In Nancy nimmt Mikaël Serre das Wagnis auf sich, Paul Dukas‘ Ariane et Barbe-Bleue auf die Bühne zu bringen. Anstatt sich hermetisch zu verschließen, bietet das 1907 uraufgeführte Werk Raum für aktuelle Diskussionen – und offenbart eine erstaunliche Zeitlosigkeit.
Von Stephan Schwarz-Peters
Paul Dukas‘ einzige Oper Ariane et Barbe-Bleue gehört zu den Mysterien des Repertoires. Sie auf die Bühne zu bringen ist kinderleicht – solange man über eine Hauptdarstellerin aus Drahtseil und einen kamikazeerfahrenen Regisseur verfügt, der dem Risiko zu scheitern trotzig ins Gesicht lacht.
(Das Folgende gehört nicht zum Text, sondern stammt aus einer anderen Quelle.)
(* Let $H$ be a finite-dimensional real Hilbert space, $C\subset H$ a nonempty closed convex set, and $A,F:H\to H$ Lipschitz continuous operators with Lipschitz constants $L_A$ and $L_F$, respectively. Assume the couple $(A,F)$ is $\gamma$-strongly monotone for some $\gamma>0$. Then: (i) $A$ and $F$ are bijective and have Lipschitz continuous inverses; moreover, for all $u,v\in H$, $$\frac{1}{L_F}\|u-v\|\le\|F^{-1}u-F^{-1}v\|\le\frac{L_A}{\gamma}\|u-v\|,\qquad \frac{1}{L_A}\|u-v\|\le\|A^{-1}u-A^{-1}v\|\le\frac{L_F}{\gamma}\|u-v\|.$$ (ii) $\mathrm{GVI}(A,F,C)$ admits a unique solution. Moreover, $x^*$ is a solution of $\mathrm{GVI}(A,F,C)$ if and only if $u^*:=Fx^*$ is a solution of the variational inequality $\mathrm{VI}(AF^{-1},C)$, and if and only if $v^*:=Ax^*$ is a solution of the inverse variational inequality $\mathrm{IVI}(FA^{-1},C)$.
   Context: $\mathrm{GVI}(A,F,C)$: find $x^*\in H$ with $Fx^*\in C$ and $\langle Ax^*,y-Fx^*\rangle\ge0$ for all $y\in C$. $\mathrm{VI}(G,C)$: find $x^*\in C$ with $\langle Gx^*,y-x^*\rangle\ge0$ for all $y\in C$. $\mathrm{IVI}(B,C)$: find $x^*\in H$ with $Bx^*\in C$ and $\langle x^*,y-Bx^*\rangle\ge0$ for all $y\in C$. The couple $(A,F)$ is $\gamma$-strongly monotone if $\langle Ax-Ay,Fx-Fy\rangle\ge\gamma\|x-y\|^2$ for all $x,y\in H$. *)

theory Defs
  imports "HOL-Analysis.Analysis"
begin

definition GVI_sol :: "('a::real_inner \<Rightarrow> 'a) \<Rightarrow> ('a \<Rightarrow> 'a) \<Rightarrow> 'a set \<Rightarrow> 'a \<Rightarrow> bool" where
  "GVI_sol A F C x \<longleftrightarrow> F x \<in> C \<and> (\<forall>y\<in>C. inner (A x) (y - F x) \<ge> 0)"

definition VI_sol :: "('a::real_inner \<Rightarrow> 'a) \<Rightarrow> 'a set \<Rightarrow> 'a \<Rightarrow> bool" where
  "VI_sol G C x \<longleftrightarrow> x \<in> C \<and> (\<forall>y\<in>C. inner (G x) (y - x) \<ge> 0)"

definition IVI_sol :: "('a::real_inner \<Rightarrow> 'a) \<Rightarrow> 'a set \<Rightarrow> 'a \<Rightarrow> bool" where
  "IVI_sol B C x \<longleftrightarrow> B x \<in> C \<and> (\<forall>y\<in>C. inner x (y - B x) \<ge> 0)"

definition strongly_monotone_couple :: "real \<Rightarrow> ('a::real_inner \<Rightarrow> 'a) \<Rightarrow> ('a \<Rightarrow> 'a) \<Rightarrow> bool" where
  "strongly_monotone_couple \<gamma> A F \<longleftrightarrow>
     (\<forall>x y. inner (A x - A y) (F x - F y) \<ge> \<gamma> * (norm (x - y))\<^sup>2)"

end

theory Submission
  imports Defs
begin

text \<open>By Cauchy-Schwarz, strong monotonicity of the couple gives
  \<open>\<gamma> \<parallel>x - y\<parallel> \<le> L_A \<parallel>F x - F y\<parallel>\<close>, so \<open>F\<close> is injective with a Lipschitz inverse on its
  range. That range is closed by completeness and open by invariance of domain, so \<open>F\<close> is onto;
  by symmetry of the couple the same holds for \<open>A\<close>. Substituting \<open>u = F x\<close> turns
  \<open>GVI(A,F,C)\<close> into \<open>VI(A F\<inverse>, C)\<close>, whose operator is strongly monotone with modulus
  \<open>\<gamma>/L_F\<^sup>2\<close> and Lipschitz with constant \<open>L_A\<^sup>2/\<gamma>\<close>. For such an operator the projected step
  \<open>u \<mapsto> P_C (u - t G u)\<close> is a contraction for small \<open>t > 0\<close>, and its fixed point solves
  the VI. Uniqueness is immediate from strong monotonicity.\<close>

lemma inj_lower_lipschitz:
  fixes f :: "'a::metric_space \<Rightarrow> 'b::metric_space"
  assumes "c > 0" and lower: "\<And>x y. c * dist x y \<le> dist (f x) (f y)"
  shows "inj f"
proof (rule injI)
  fix x y assume "f x = f y"
  then have "c * dist x y \<le> 0" using lower[of x y] by simp
  then show "x = y" using \<open>c > 0\<close> by (simp add: mult_le_0_iff)
qed

lemma closed_range_lower_lipschitz:
  fixes f :: "'a::complete_space \<Rightarrow> 'b::metric_space"
  assumes f_cont: "continuous_on UNIV f" and "c > 0"
    and lower: "\<And>x y. c * dist x y \<le> dist (f x) (f y)"
  shows "closed (range f)"
  unfolding closed_sequential_limits
proof (intro allI impI, elim conjE)
  fix s l assume s: "\<forall>n. s n \<in> range f" and "s \<longlonglongrightarrow> l"
  have inv_f: "inv f (f x) = x" for x
    using inj_lower_lipschitz[OF \<open>c > 0\<close> lower] by (rule inv_f_f)
  have "(1 / c)-lipschitz_on (range f) (inv f)"
  proof (rule lipschitz_onI)
    fix u v assume "u \<in> range f" "v \<in> range f"
    then show "dist (inv f u) (inv f v) \<le> 1 / c * dist u v"
      using lower \<open>c > 0\<close> by (auto simp: inv_f field_simps)
  qed (use \<open>c > 0\<close> in simp)
  then have "Cauchy (\<lambda>n. inv f (s n))"
    using lipschitz_on_uniformly_continuous uniformly_continuous_on_Cauchy
      LIMSEQ_imp_Cauchy[OF \<open>s \<longlonglongrightarrow> l\<close>] s by blast
  then obtain z where "(\<lambda>n. inv f (s n)) \<longlonglongrightarrow> z"
    using Cauchy_convergent_iff convergent_def by blast
  then have "(\<lambda>n. f (inv f (s n))) \<longlonglongrightarrow> f z"
    by (rule continuous_on_tendsto_compose[OF f_cont]) auto
  moreover have "f (inv f (s n)) = s n" for n
    using s by (auto simp: f_inv_into_f)
  ultimately have "l = f z"
    using \<open>s \<longlonglongrightarrow> l\<close> LIMSEQ_unique by auto
  then show "l \<in> range f" by simp
qed

lemma surj_lower_lipschitz:
  fixes f :: "'a::euclidean_space \<Rightarrow> 'a"
  assumes f_cont: "continuous_on UNIV f" and "c > 0"
    and lower: "\<And>x y. c * dist x y \<le> dist (f x) (f y)"
  shows "surj f"
proof -
  have "open (range f)"
    using invariance_of_domain[OF f_cont open_UNIV] inj_lower_lipschitz[OF \<open>c > 0\<close> lower]
    by simp
  moreover have "closed (range f)"
    by (rule closed_range_lower_lipschitz[OF assms])
  ultimately show ?thesis
    using clopen[of "range f"] by simp
qed

lemma lipschitz_on_inv_lower_bound:
  fixes f :: "'a::metric_space \<Rightarrow> 'b::metric_space"
  assumes "L-lipschitz_on UNIV f" and "surj f"
  shows "dist u v / L \<le> dist (inv f u) (inv f v)"
proof -
  have "dist u v \<le> L * dist (inv f u) (inv f v)"
    using lipschitz_onD[OF assms(1), of "inv f u" "inv f v"] \<open>surj f\<close>
    by (simp add: surj_f_inv_f)
  then show ?thesis
    using lipschitz_on_nonneg[OF assms(1)]
    by (cases "L = 0") (simp_all add: field_simps)
qed

lemma strongly_monotone_couple_commute:
  "strongly_monotone_couple \<gamma> A F \<longleftrightarrow> strongly_monotone_couple \<gamma> F A"
  unfolding strongly_monotone_couple_def by (simp add: inner_commute)

lemma strongly_monotone_couple_lower_bound:
  fixes A F :: "'a::real_inner \<Rightarrow> 'a"
  assumes "strongly_monotone_couple \<gamma> A F" and "L-lipschitz_on UNIV A"
  shows "\<gamma> * dist x y \<le> L * dist (F x) (F y)"
proof (cases "x = y")
  case True
  then show ?thesis using lipschitz_on_nonneg[OF assms(2)] by simp
next
  case False
  have "\<gamma> * (dist x y)\<^sup>2 \<le> inner (A x - A y) (F x - F y)"
    using assms(1) by (simp add: strongly_monotone_couple_def dist_norm)
  also have "\<dots> \<le> dist (A x) (A y) * dist (F x) (F y)"
    unfolding dist_norm by (rule norm_cauchy_schwarz)
  also have "\<dots> \<le> L * dist x y * dist (F x) (F y)"
    using lipschitz_onD[OF assms(2)] by (simp add: mult_right_mono)
  finally have "(\<gamma> * dist x y) * dist x y \<le> (L * dist (F x) (F y)) * dist x y"
    by (simp add: power2_eq_square algebra_simps)
  then show ?thesis using False by simp
qed

lemma strongly_monotone_couple_le_lipschitz_mult:
  fixes A F :: "'a::euclidean_space \<Rightarrow> 'a"
  assumes "strongly_monotone_couple \<gamma> A F"
    and "L_A-lipschitz_on UNIV A" and "L_F-lipschitz_on UNIV F"
  shows "\<gamma> \<le> L_A * L_F"
proof -
  obtain b :: 'a where "b \<in> Basis" using nonempty_Basis by blast
  then have "dist b 0 = 1" by simp
  have "\<gamma> * dist b 0 \<le> L_A * dist (F b) (F 0)"
    by (rule strongly_monotone_couple_lower_bound[OF assms(1,2)])
  also have "\<dots> \<le> L_A * (L_F * dist b 0)"
    by (rule mult_left_mono[OF lipschitz_onD[OF assms(3)] lipschitz_on_nonneg[OF assms(2)]]) simp_all
  finally show ?thesis using \<open>dist b 0 = 1\<close> by simp
qed

lemma strongly_monotone_couple_lipschitz_pos:
  fixes A F :: "'a::euclidean_space \<Rightarrow> 'a"
  assumes "strongly_monotone_couple \<gamma> A F" and "\<gamma> > 0"
    and "L_A-lipschitz_on UNIV A" and "L_F-lipschitz_on UNIV F"
  shows "L_A > 0" and "L_F > 0"
  using strongly_monotone_couple_le_lipschitz_mult[OF assms(1,3,4)] \<open>\<gamma> > 0\<close>
    lipschitz_on_nonneg[OF assms(3)] lipschitz_on_nonneg[OF assms(4)]
  by (auto simp: less_le)

lemma strongly_monotone_couple_inv_lipschitz:
  fixes A F :: "'a::real_inner \<Rightarrow> 'a"
  assumes "strongly_monotone_couple \<gamma> A F" and "\<gamma> > 0"
    and "L-lipschitz_on UNIV A" and "surj F"
  shows "(L / \<gamma>)-lipschitz_on UNIV (inv F)"
proof (rule lipschitz_onI)
  fix u v
  have "\<gamma> * dist (inv F u) (inv F v) \<le> L * dist u v"
    using strongly_monotone_couple_lower_bound[OF assms(1,3)] \<open>surj F\<close>
    by (metis surj_f_inv_f)
  then show "dist (inv F u) (inv F v) \<le> L / \<gamma> * dist u v"
    using \<open>\<gamma> > 0\<close> by (simp add: field_simps)
qed (use lipschitz_on_nonneg[OF assms(3)] \<open>\<gamma> > 0\<close> in simp)

lemma strongly_monotone_couple_bij:
  fixes A F :: "'a::euclidean_space \<Rightarrow> 'a"
  assumes "strongly_monotone_couple \<gamma> A F" and "\<gamma> > 0"
    and "L-lipschitz_on UNIV A" and "continuous_on UNIV F" and "L > 0"
  shows "bij F"
proof -
  have lower: "\<gamma> / L * dist x y \<le> dist (F x) (F y)" for x y
    using strongly_monotone_couple_lower_bound[OF assms(1,3)] \<open>L > 0\<close>
    by (simp add: field_simps)
  have "\<gamma> / L > 0" using assms by simp
  show ?thesis
    using inj_lower_lipschitz[OF \<open>\<gamma> / L > 0\<close> lower]
      surj_lower_lipschitz[OF assms(4) \<open>\<gamma> / L > 0\<close> lower]
    by (simp add: bij_def)
qed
Abgesehen von ein paar Schlüsselmomenten gibt es kaum dramatische Handlung, dafür aber viel symbolistisch aufgeladenen, in bewusst blutleerer Sprache verfassten Text (immerhin aus der nobelpreisgekrönten Feder von Maurice Maeterlinck); zudem befindet sich das Bühnengeschehen in permanentem Konkurrenzkampf zum schillernden, meist „Volldampf voraus“ fahrenden Orchesterpart; und schließlich erfordert die fast ausschließliche Besetzung mit weiblichen Stimmen bei allem Reiz ein ausgeklügeltes Casting, das Charaktere und Stimmfarben so aufeinander abstimmt, dass sich nicht alles im großen Gleichklang verliert. Gut, dass man sich an der Opéra national de Lorraine in Nancy so umsichtig auf das 1907 uraufgeführte Stück vorbereitet hat. Und gut, dass es bei aller Sperrigkeit durchaus auch die eine oder andere Steilvorlage enthält, die eine Inszenierung mit aktuellen Bezügen ermöglicht.
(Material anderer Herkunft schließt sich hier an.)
(* Let $G$ be a graph obtained by taking a disjoint union of complete graphs $K_{n_1}\cup\cdots\cup K_{n_\ell}$ with each $n_i\ge 2$ and adding edges between distinct cliques such that the added edges form a matching. Then $G$ is well-bicovered.
   Context: All graphs are finite and simple; "subgraph" means induced subgraph. A graph is well-bicovered if every vertex-inclusion-maximal induced bipartite subgraph has the same order. *)

theory Defs
  imports Main "HOL-Library.Disjoint_Sets"
begin

text \<open>A finite simple graph is given by a finite vertex set V and a symmetric,
irreflexive edge relation E on V. Subgraphs are induced, so they are given by
vertex subsets.\<close>

definition induced_bipartite :: "('a \<Rightarrow> 'a \<Rightarrow> bool) \<Rightarrow> 'a set \<Rightarrow> bool" where
  "induced_bipartite E S \<longleftrightarrow>
     (\<exists>A B. S = A \<union> B \<and> A \<inter> B = {} \<and>
            (\<forall>u\<in>A. \<forall>v\<in>A. \<not> E u v) \<and> (\<forall>u\<in>B. \<forall>v\<in>B. \<not> E u v))"

definition maximal_induced_bipartite :: "'a set \<Rightarrow> ('a \<Rightarrow> 'a \<Rightarrow> bool) \<Rightarrow> 'a set \<Rightarrow> bool" where
  "maximal_induced_bipartite V E S \<longleftrightarrow>
     S \<subseteq> V \<and> induced_bipartite E S \<and>
     (\<forall>T. S \<subset> T \<and> T \<subseteq> V \<longrightarrow> \<not> induced_bipartite E T)"

definition well_bicovered :: "'a set \<Rightarrow> ('a \<Rightarrow> 'a \<Rightarrow> bool) \<Rightarrow> bool" where
  "well_bicovered V E \<longleftrightarrow>
     (\<forall>S T. maximal_induced_bipartite V E S \<longrightarrow> maximal_induced_bipartite V E T
            \<longrightarrow> card S = card T)"

end

theory Submission
  imports Defs
begin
Es geht um die Dauerbrenner Gewalt und Feminismus, und in Mikaël Serres Regie vermischen sich beide Elemente auf vielfältige wie interessante Weise. Elementare Zuschauerorientierung leisten dabei die Videos von Sébastien Dupouey, der in rasenden Kamerafahrten über dunkle Wälder eigene dystopische Räume erschafft – zusätzlich zum Bühnenbild von Nina Wetzel, die Blaubarts Burg in ein kühles, mehrstöckiges Loft mit einer Art Showtreppe verwandelt. Hier lässt David Lynch grüßen, aber auch eine Reihe anderer kultureller bzw. popkultureller Bezugsträger, die diesen so ganz und gar nicht anziehenden Ort belagern: Aus der aufgeheizten Volksmenge, die sich zu Beginn sogar teilweise in den Rängen des nicht gerade riesenhaft dimensionierten Theaters postiert, lugen die „Droogs“ aus Stanley Kubricks Clockwork Orange ebenso hervor wie der mittlerweile ikonische Büffelmann, der sich bei der Kapitolerstürmung im Januar 2021 so prominent ins Rampenlicht gestellt hat.